Whenever someone is thinking about moving an individual with Alzheimer's disease to a new location, there are a few considerations that should be taken into account. First and foremost, a comprehensive understanding of your mother's illness is imperative. Understanding how Alzheimer's disease will affect mother's functional capabilities can give everyone involved a broader knowledge of how much assistance your mother will need. A discussion regarding how involved or uninvolved family members will be, because of the distance, can also put in to perspective the amount of care your father will be responsible for.  

 

Should your father believe he could handle the responsibility, then becoming aware of community services is vital. As your mother's illness progresses, she will become more reliant on your father and he can quickly become overwhelmed unless he has a support network to relieve him from managing such care on his own. Learning about resources like an adult day center, home care or caregiver services can at least prepare him for what course of action to take should he need the resources.

 

You also mentioned your mother has visited the new house and stated her desire to go home.
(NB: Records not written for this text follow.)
lemma exists_nearest_point:
  fixes M :: "'a::complex_hilbert set"
  assumes "closed M" "M \<noteq> {}"
    and midpoint: "\<And>m m'. m \<in> M \<Longrightarrow> m' \<in> M \<Longrightarrow> scaleR (1/2) (m + m') \<in> M"
  shows "\<exists>m\<in>M. \<forall>m'\<in>M. norm (x - m) \<le> norm (x - m')"
proof -
  define d where "d = infdist x M"
  have d_le: "d \<le> norm (x - m)" if "m \<in> M" for m
    using infdist_le[OF that, of x] by (simp add: d_def dist_norm)
  have "d \<in> closure ((\<lambda>m. norm (x - m)) ` M)"
    unfolding d_def infdist_notempty[OF \<open>M \<noteq> {}\<close>] dist_norm
    by (rule closure_contains_Inf) (use \<open>M \<noteq> {}\<close> in \<open>auto intro: bdd_belowI[of _ 0]\<close>)
  then obtain ds where ds: "\<And>n. ds n \<in> (\<lambda>m. norm (x - m)) ` M" and "ds \<longlonglongrightarrow> d"
    unfolding closure_sequential by blast
  then have "\<forall>n. \<exists>m. m \<in> M \<and> ds n = norm (x - m)"
    by blast
  then obtain ms where ms: "\<And>n. ms n \<in> M" and ds_eq: "\<And>n. ds n = norm (x - ms n)"
    unfolding choice_iff by blast
  have lim: "(\<lambda>n. norm (x - ms n)) \<longlonglongrightarrow> d"
    using \<open>ds \<longlonglongrightarrow> d\<close> by (simp add: ds_eq[symmetric])
  have "Cauchy ms"
    using midpoint ms d_le lim by (rule Cauchy_minimizing_sequence)
  then obtain m where "ms \<longlonglongrightarrow> m"
    using Cauchy_convergent_iff convergent_def by blast
  then have "m \<in> M"
    using \<open>closed M\<close> ms closed_sequential_limits by blast
  moreover have "(\<lambda>n. norm (x - ms n)) \<longlonglongrightarrow> norm (x - m)"
    by (intro tendsto_intros \<open>ms \<longlonglongrightarrow> m\<close>)
  then have "norm (x - m) = d"
    using lim by (rule LIMSEQ_unique)
  ultimately show ?thesis
    using d_le by auto
qed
Due to the nature of your mother's illness, it is important to understand her memory may be impaired and she may not fully understand the implication of what she is saying. While this may seem logical for her to exhibit because of the new surrounding, you should know this also occurs with individuals with the disease who are living in their own home. Whenever an individual with Alzheimer's disease feels unsafe or uncomfortable their reaction is to remove themselves from their current surrounding and in some cases request to "go home." Overall, discussing the meaning and potential outcomes with your father, on both his and your mother's well-being, could lead to a better understanding by all.